You Have One New Death
by Sarah Beuhler
Now we find out when a friend dies because another friend joins a Facebook group called “Remembering R.A.”
As far as we know, R. A. is alive and well in South America, getting hammered every night at hostels and making friends, so we click on a link and see that somebody made a group for people to reminisce and post pictures about R.A.
This group now serves as a notification that a 25-year-old has died.
Now we frantically scan his Facebook page to see what his last post was, but he wasn’t a big Facebook user and the last thing he posted was an August 13 album called “Nueva Camera,” and a status update joking about how Lima was the foggiest place he’d ever seen. It is now August 20. He has been dead for one day.
Now we send a message of condolence to his girlfriend in Budapest offering the kind of well-meaning and empty support we can offer when we’re in Canada and she’s in Hungary.
She replies that although the separation has been hard that they’ll see each other in Melbourne in three months and asks how life is in Canada after being in Central America for six months, and do we miss the hotel we were managing down there.
Now we realize that she doesn’t know.
Now we dance nervously around our apartment in Canada covering our face with our hands, not wanting to be the one to tell her, not wanting to be that person again.
Now it’s three o’clock in the morning and we’re just home from work, with tears and snot running down our face while we cry quietly so the neighbors don’t wake up, but wanting the neighbours to hear and know that we’re in pain. And it’s not even our own pain. It’s hers and she’s in Budapest.

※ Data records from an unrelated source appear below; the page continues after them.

(* Let $1\le k\le s\le d$. Let $\Phi=\mathbb{E}_{S\subseteq[d],|S|=s}\,\phi_S^{\otimes k}$ and \[ \tilde\Phi=\mathbb{E}_{S\subseteq[d],|S|=s}\left[\frac{1}{s^{\underline{k}}}\sum_{\vec i,\vec j\in A(S,k)}|\vec i\rangle\langle\vec j|\right], \] where $S$ is a uniformly random subset of $[d]$ of size $s$. Then $\|\Phi-\tilde\Phi\|_1=O(k/\sqrt{s})$ (with an absolute implied constant).
   Context: $\phi_S=\left(\frac{1}{\sqrt{s}}\sum_{i\in S}|i\rangle\right)\left(\frac{1}{\sqrt{s}}\sum_{i\in S}\langle i|\right)$ for $S\subseteq[d]$ with $|S|=s$, in the computational basis of $\mathbb{C}^d$. $A(S,k)=\{(i_1,\dots,i_k)\in S^k: i_j\ne i_{j'}\text{ for }j\ne j'\}$; $|\vec i\rangle=|i_1\rangle\otimes\cdots\otimes|i_k\rangle$. $n^{\underline{k}}=n(n-1)\cdots(n-k+1)$. $\|\cdot\|_1$ is the trace norm. *)

theory Defs
  imports "Jordan_Normal_Form.Schur_Decomposition" "HOL-Computational_Algebra.Polynomial"
begin

definition singular_values :: "complex mat \<Rightarrow> real multiset" where
  "singular_values A = image_mset (\<lambda>z. sqrt (Re z)) (proots (char_poly (mat_adjoint A * A)))"

definition trace_norm :: "complex mat \<Rightarrow> real" where
  "trace_norm A = sum_mset (singular_values A)"

(* Computational basis of (C^d)^{\<otimes>k}: basis index a < d^k corresponds to the k-tuple
   (i_1,...,i_k) with i_{t+1} = a div d^t mod d. *)
definition tup :: "nat \<Rightarrow> nat \<Rightarrow> nat \<Rightarrow> nat list" where
  "tup d k a = map (\<lambda>t. a div d ^ t mod d) [0..<k]"

(* phi_S = |u_S><u_S| with u_S = s^{-1/2} sum_{i in S} |i>, as a d x d matrix *)
definition phi :: "nat \<Rightarrow> nat set \<Rightarrow> complex mat" where
  "phi d S = mat d d (\<lambda>(i, j).
      (if i \<in> S then 1 / complex_of_real (sqrt (card S)) else 0) *
      cnj (if j \<in> S then 1 / complex_of_real (sqrt (card S)) else 0))"

definition tensor_pow :: "nat \<Rightarrow> nat \<Rightarrow> complex mat \<Rightarrow> complex mat" where
  "tensor_pow d k M = mat (d ^ k) (d ^ k) (\<lambda>(a, b).
      \<Prod>t<k. M $$ (tup d k a ! t, tup d k b ! t))"

definition distinct_tuples :: "nat set \<Rightarrow> nat \<Rightarrow> nat list set" where
  "distinct_tuples S k = {xs. length xs = k \<and> set xs \<subseteq> S \<and> distinct xs}"

(* (1/s^{\<underline>k}) sum_{i,j in A(S,k)} |i><j|, as a d^k x d^k matrix *)
definition tilde_term :: "nat \<Rightarrow> nat \<Rightarrow> nat set \<Rightarrow> complex mat" where
  "tilde_term d k S = mat (d ^ k) (d ^ k) (\<lambda>(a, b).
      if tup d k a \<in> distinct_tuples S k \<and> tup d k b \<in> distinct_tuples S k
      then 1 / of_nat (pochhammer (card S + 1 - k) k) else 0)"

(* subsets of [d] of size s; [d] is rendered as {0..<d} *)
definition subsets_of_size :: "nat \<Rightarrow> nat \<Rightarrow> nat set set" where
  "subsets_of_size d s = {S. S \<subseteq> {0..<d} \<and> card S = s}"

definition expect_S :: "nat \<Rightarrow> nat \<Rightarrow> nat \<Rightarrow> (nat set \<Rightarrow> complex mat) \<Rightarrow> complex mat" where
  "expect_S d s k F = mat (d ^ k) (d ^ k) (\<lambda>(a, b).
      (\<Sum>S\<in>subsets_of_size d s. F S $$ (a, b)) / of_nat (card (subsets_of_size d s)))"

It’s ours because when we were 19 someone called us in a resort town while we were working at a deli to tell us that the boy we were in love with three months ago had died in a car wreck and drugs had been involved.
It’s ours because when we were 16 our casual friend in English class died of liver cancer and they announced it on the PA but our best friend missed the announcement and we had to tell her, and it was the worst feeling we’d ever had.

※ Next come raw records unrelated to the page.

(* Let $A$ be a graded Frobenius algebra of Gorenstein parameter $-\ell$. For $0\le i,j\le\ell$, the map $A_{j-i}\to\mathrm{Hom}_{A^o}(A_{\ge i}(i),A_{\ge j}(j))$, $a\mapsto(\,\cdot\,a)$ (right multiplication by $a$), is an isomorphism.
   Context: Graded algebras are $\mathbb{N}$-graded algebras over an algebraically closed field $k$; $A_m=0$ for $m<0$. $M(n)_m=M_{n+m}$, $A_{\ge i}=\bigoplus_{m\ge i}A_m$, $D(M)=\bigoplus_m\mathrm{Hom}_k(M_{-m},k)$. $A$ is graded Frobenius of Gorenstein parameter $-\ell$ if it is locally finite and $D(A)\cong A(\ell)$ as graded right $A$-modules. $\mathrm{Hom}_{A^o}$ denotes degree-preserving homomorphisms of graded left $A$-modules. *)

theory Defs
  imports Main "HOL-Computational_Algebra.Polynomial"
begin

definition alg_closed :: "'k::field itself \<Rightarrow> bool" where
  "alg_closed _ \<longleftrightarrow> (\<forall>p :: 'k poly. degree p > 0 \<longrightarrow> (\<exists>x. poly p x = 0))"

definition k_algebra :: "('k::field \<Rightarrow> 'a::ring_1 \<Rightarrow> 'a) \<Rightarrow> bool" where
  "k_algebra scale \<longleftrightarrow> vector_space scale \<and>
     (\<forall>c x y. scale c (x * y) = scale c x * y \<and> scale c (x * y) = x * scale c y)"

definition hom_family :: "(int \<Rightarrow> 'a::ring_1 set) \<Rightarrow> (int \<Rightarrow> 'a) \<Rightarrow> bool" where
  "hom_family G c \<longleftrightarrow> finite {m. c m \<noteq> 0} \<and> (\<forall>m. c m \<in> G m)"

definition graded_algebra ::
  "('k::field \<Rightarrow> 'a::ring_1 \<Rightarrow> 'a) \<Rightarrow> (int \<Rightarrow> 'a set) \<Rightarrow> bool" where
  "graded_algebra scale G \<longleftrightarrow> k_algebra scale \<and>
     (\<forall>m. module.subspace scale (G m)) \<and>
     (\<forall>m. m < 0 \<longrightarrow> G m = {0}) \<and>
     (\<forall>x. \<exists>!c. hom_family G c \<and> x = (\<Sum>m\<in>{m. c m \<noteq> 0}. c m)) \<and>
     (\<forall>m n x y. x \<in> G m \<longrightarrow> y \<in> G n \<longrightarrow> x * y \<in> G (m + n)) \<and>
     1 \<in> G 0"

It’s ours because in 2004 our uncle called our mother at midnight to tell us that our dad had killed himself and there was no booze in the house.
It’s ours because we just broke the goddamn news somehow over Facebook.

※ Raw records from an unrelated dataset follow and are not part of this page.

lemma abs_quad_le:
  fixes a b c cxx cxy cyy :: real
  defines "K \<equiv> \<bar>c\<bar> + \<bar>cxx\<bar> + \<bar>cxy\<bar> + \<bar>cyy\<bar>"
  shows "\<bar>quad a b c cxx cxy cyy z\<bar> \<le> quad a b K K 0 K z"
proof -
  define u where "u = fst z - a"
  define v where "v = snd z - b"
  have "2 * \<bar>u * v\<bar> \<le> u\<^sup>2 + v\<^sup>2"
    using sum_squares_bound[of "\<bar>u\<bar>" "\<bar>v\<bar>"] by (simp add: abs_mult mult.assoc)
  then have "\<bar>u * v\<bar> \<le> u\<^sup>2 + v\<^sup>2"
    using abs_ge_zero[of "u * v"] by linarith
  then have "\<bar>cxy\<bar> * \<bar>u * v\<bar> \<le> \<bar>cxy\<bar> * u\<^sup>2 + \<bar>cxy\<bar> * v\<^sup>2"
    by (simp add: mult_left_mono flip: distrib_left)
  moreover have "\<bar>c + cxx * u\<^sup>2 + cxy * (u * v) + cyy * v\<^sup>2\<bar>
      \<le> \<bar>c\<bar> + \<bar>cxx * u\<^sup>2\<bar> + \<bar>cxy * (u * v)\<bar> + \<bar>cyy * v\<^sup>2\<bar>"
    by arith
  then have "\<bar>c + cxx * u\<^sup>2 + cxy * (u * v) + cyy * v\<^sup>2\<bar>
      \<le> \<bar>c\<bar> + \<bar>cxx\<bar> * u\<^sup>2 + \<bar>cxy\<bar> * \<bar>u * v\<bar> + \<bar>cyy\<bar> * v\<^sup>2"
    by (simp only: abs_mult abs_power2)
  moreover have "\<bar>cxx\<bar> * u\<^sup>2 + \<bar>cxy\<bar> * u\<^sup>2 \<le> K * u\<^sup>2"
    "\<bar>cxy\<bar> * v\<^sup>2 + \<bar>cyy\<bar> * v\<^sup>2 \<le> K * v\<^sup>2" "\<bar>c\<bar> \<le> K"
    unfolding K_def by (simp_all add: mult_right_mono flip: distrib_right)
  moreover have "quad a b c cxx cxy cyy z = c + cxx * u\<^sup>2 + cxy * (u * v) + cyy * v\<^sup>2"
    "quad a b K K 0 K z = K + K * u\<^sup>2 + K * v\<^sup>2"
    unfolding quad_def u_def v_def by simp_all
  ultimately show ?thesis
    by linarith
qed

lemma integrable_bvn_quad:
  assumes q: "valid_bvn q"
  shows "integrable (lborel \<Otimes>\<^sub>M lborel) (\<lambda>z. bvn_density q z * quad a b c cxx cxy cyy z)"
proof (rule Bochner_Integration.integrable_bound)
  define K where "K = \<bar>c\<bar> + \<bar>cxx\<bar> + \<bar>cxy\<bar> + \<bar>cyy\<bar>"
  have bound: "\<bar>quad a b c cxx cxy cyy z\<bar> \<le> quad a b K K 0 K z" for z
    unfolding K_def by (rule abs_quad_le)
  then show "integrable (lborel \<Otimes>\<^sub>M lborel) (\<lambda>z. bvn_density q z * quad a b K K 0 K z)"
    by (intro integrable_bvn_quad_nonneg[OF q]) (rule order_trans[OF abs_ge_zero])
  show "(\<lambda>z. bvn_density q z * quad a b c cxx cxy cyy z) \<in> borel_measurable (lborel \<Otimes>\<^sub>M lborel)"
    by measurable
  show "AE z in lborel \<Otimes>\<^sub>M lborel.
          norm (bvn_density q z * quad a b c cxx cxy cyy z) \<le> norm (bvn_density q z * quad a b K K 0 K z)"
  proof (intro AE_I2)
    fix z
    show "norm (bvn_density q z * quad a b c cxx cxy cyy z) \<le> norm (bvn_density q z * quad a b K K 0 K z)"
      using bound[of z] order_trans[OF abs_ge_zero bound[of z]] bvn_density_nonneg[OF q, of z]
      by (simp add: abs_mult mult_left_mono)
  qed
qed

lemma has_bochner_integral_bvn_quad:
  assumes q: "valid_bvn q"
  shows "has_bochner_integral lborel (\<lambda>z. bvn_density q z * quad a b c cxx cxy cyy z)
           (bvn_quad_mean q a b c cxx cxy cyy)"
proof -
  have "integral\<^sup>L (lborel \<Otimes>\<^sub>M lborel) (\<lambda>z. bvn_density q z * quad a b c cxx cxy cyy z)
      = (\<integral>x. (\<integral>y. bvn_density q (x, y) * quad a b c cxx cxy cyy (x, y) \<partial>lborel) \<partial>lborel)"
    using lborel_pair.integral_fst'[OF integrable_bvn_quad[OF q]] by simp
  also have "\<dots> = bvn_quad_mean q a b c cxx cxy cyy"
    using has_bochner_integral_integral_eq[OF has_bochner_integral_bvn_quad_section[OF q]]
      has_bochner_integral_integral_eq[OF has_bochner_integral_bvn_quad_iterated[OF q]]
    by simp
  finally show ?thesis
    using integrable_bvn_quad[OF q] by (simp add: has_bochner_integral_iff lborel_prod)
qed

definition bvn_norm :: "bvn \<Rightarrow> real" where
  "bvn_norm p = 2 * pi * sX p * sY p * sqrt (1 - (rho p)\<^sup>2)"

definition bvn_form :: "bvn \<Rightarrow> real \<times> real \<Rightarrow> real" where
  "bvn_form p = quad (mX p) (mY p) 0 (1 / (2 * (1 - (rho p)\<^sup>2) * (sX p)\<^sup>2))
     (- rho p / ((1 - (rho p)\<^sup>2) * sX p * sY p)) (1 / (2 * (1 - (rho p)\<^sup>2) * (sY p)\<^sup>2))"

lemma bvn_norm_pos: "valid_bvn p \<Longrightarrow> 0 < bvn_norm p"
  using valid_bvn_one_minus_rho_sq_pos[of p] by (simp add: bvn_norm_def valid_bvn_def)

lemma ln_bvn_density:
  assumes "valid_bvn p"
  shows "ln (bvn_density p z) = - ln (bvn_norm p) - bvn_form p z"
proof -
  obtain x y where z: "z = (x, y)"
    by fastforce
  define D where "D = 1 - (rho p)\<^sup>2"
  define X where "X = x - mX p"
  define Y where "Y = y - mY p"
  have "sX p \<noteq> 0" "sY p \<noteq> 0" "D \<noteq> 0"
    using assms valid_bvn_one_minus_rho_sq_pos[OF assms] by (auto simp: valid_bvn_def D_def)
  then have "bvn_form p z = (1 / (2 * (1 - (rho p)\<^sup>2))) * ((x - mX p)\<^sup>2 / (sX p)\<^sup>2
          - 2 * rho p * (x - mX p) * (y - mY p) / (sX p * sY p) + (y - mY p)\<^sup>2 / (sY p)\<^sup>2)"
    unfolding z bvn_form_def quad_def fst_conv snd_conv
    unfolding D_def[symmetric] X_def[symmetric] Y_def[symmetric]
    by (simp add: field_simps)
  then have "bvn_density p z = exp (- bvn_form p z) / bvn_norm p"
    by (simp add: bvn_density_def bvn_norm_def z)
  then show ?thesis
    using bvn_norm_pos[OF assms] by (simp add: ln_div)
qed

lemma has_bochner_integral_bvn_density:
  "valid_bvn q \<Longrightarrow> has_bochner_integral lborel (bvn_density q) 1"
  using has_bochner_integral_bvn_quad[of q 0 0 1 0 0 0] by (simp add: quad_def bvn_quad_mean_def)

lemma has_bochner_integral_bvn_form:
  assumes p: "valid_bvn p" and q: "valid_bvn q"
  shows "has_bochner_integral lborel (\<lambda>z. bvn_density q z * bvn_form p z)
    (((sX q / sX p)\<^sup>2 - 2 * rho p * rho q * (sX q / sX p) * (sY q / sY p) + (sY q / sY p)\<^sup>2)
        / (2 * (1 - (rho p)\<^sup>2))
     + ((mY q - mY p) / sY p - rho p * ((mX q - mX p) / sX p))\<^sup>2 / (2 * (1 - (rho p)\<^sup>2))
     + ((mX q - mX p) / sX p)\<^sup>2 / 2)"
proof -
  define D where "D = 1 - (rho p)\<^sup>2"
  define a where "a = sX q / sX p"
  define b where "b = sY q / sY p"
  define u where "u = (mX q - mX p) / sX p"
  define v where "v = (mY q - mY p) / sY p"
  have sx: "sX p \<noteq> 0" and sy: "sY p \<noteq> 0" and D: "D \<noteq> 0"
    using p valid_bvn_one_minus_rho_sq_pos[OF p] by (auto simp: valid_bvn_def D_def)
  have q_params: "sX q = sX p * a" "sY q = sY p * b" "mX q - mX p = sX p * u" "mY q - mY p = sY p * v"
    using sx sy by (simp_all add: a_def b_def u_def v_def)
  have terms: "1 / (2 * D * (sX p)\<^sup>2) * ((sX p * a)\<^sup>2 + (sX p * u)\<^sup>2) = (a\<^sup>2 + u\<^sup>2) / (2 * D)"
    "- rho p / (D * sX p * sY p) * (rho q * (sX p * a) * (sY p * b) + sX p * u * (sY p * v))
       = - 2 * rho p * (rho q * a * b + u * v) / (2 * D)"
    "1 / (2 * D * (sY p)\<^sup>2) * ((sY p * b)\<^sup>2 + (sY p * v)\<^sup>2) = (b\<^sup>2 + v\<^sup>2) / (2 * D)"
    using sx sy D by (simp_all add: field_simps power2_eq_square)
  have "(a\<^sup>2 + u\<^sup>2) / (2 * D) + - 2 * rho p * (rho q * a * b + u * v) / (2 * D) + (b\<^sup>2 + v\<^sup>2) / (2 * D)
      = ((a\<^sup>2 + u\<^sup>2) + - 2 * rho p * (rho q * a * b + u * v) + (b\<^sup>2 + v\<^sup>2)) / (2 * D)"
    by (simp only: add_divide_distrib)
  also have "(a\<^sup>2 + u\<^sup>2) + - 2 * rho p * (rho q * a * b + u * v) + (b\<^sup>2 + v\<^sup>2)
      = (a\<^sup>2 - 2 * rho p * rho q * a * b + b\<^sup>2) + (v - rho p * u)\<^sup>2 + u\<^sup>2 * D"
    by (simp add: D_def power2_eq_square algebra_simps)
  also have "\<dots> / (2 * D)
      = (a\<^sup>2 - 2 * rho p * rho q * a * b + b\<^sup>2) / (2 * D) + (v - rho p * u)\<^sup>2 / (2 * D) + u\<^sup>2 / 2"
    using D by (simp add: add_divide_distrib)
  finally have mean: "bvn_quad_mean q (mX p) (mY p) 0 (1 / (2 * D * (sX p)\<^sup>2))
      (- rho p / (D * sX p * sY p)) (1 / (2 * D * (sY p)\<^sup>2))
      = (a\<^sup>2 - 2 * rho p * rho q * a * b + b\<^sup>2) / (2 * D) + (v - rho p * u)\<^sup>2 / (2 * D) + u\<^sup>2 / 2"
    unfolding bvn_quad_mean_def q_params terms by simp
  show ?thesis
    unfolding bvn_form_def D_def[symmetric] a_def[symmetric] b_def[symmetric] u_def[symmetric] v_def[symmetric]
    by (subst mean[symmetric]) (rule has_bochner_integral_bvn_quad[OF q])
qed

Now we urgently tell her to call his parents.
Now we find the girl who started the damned group in the first place, who keeps posting pictures of her and R. last year — were they dating? Were they in love? On top of all this did R. have two girlfriends? Should we send her a message and ask?
None of this is our business.
Now the lines are all blurry.
Now we get the number of his mum in Melbourne and tell her to call it before she does anything else.
Now we can do nothing else.
Now we realize it’s always about us.
Now we feel relieved and then guilty that there’s nothing else we can do.
Now we get a message in our inbox the next day when we’re working. It’s just a link to a short article from a newspaper in Peru that shows a picture of an ambulance and a group of concerned Peruvians craning their necks somewhere to the back of it.
Turista muere en piscina.
Sarah Beuhler just got back from Guatemala and writes in Vancouver.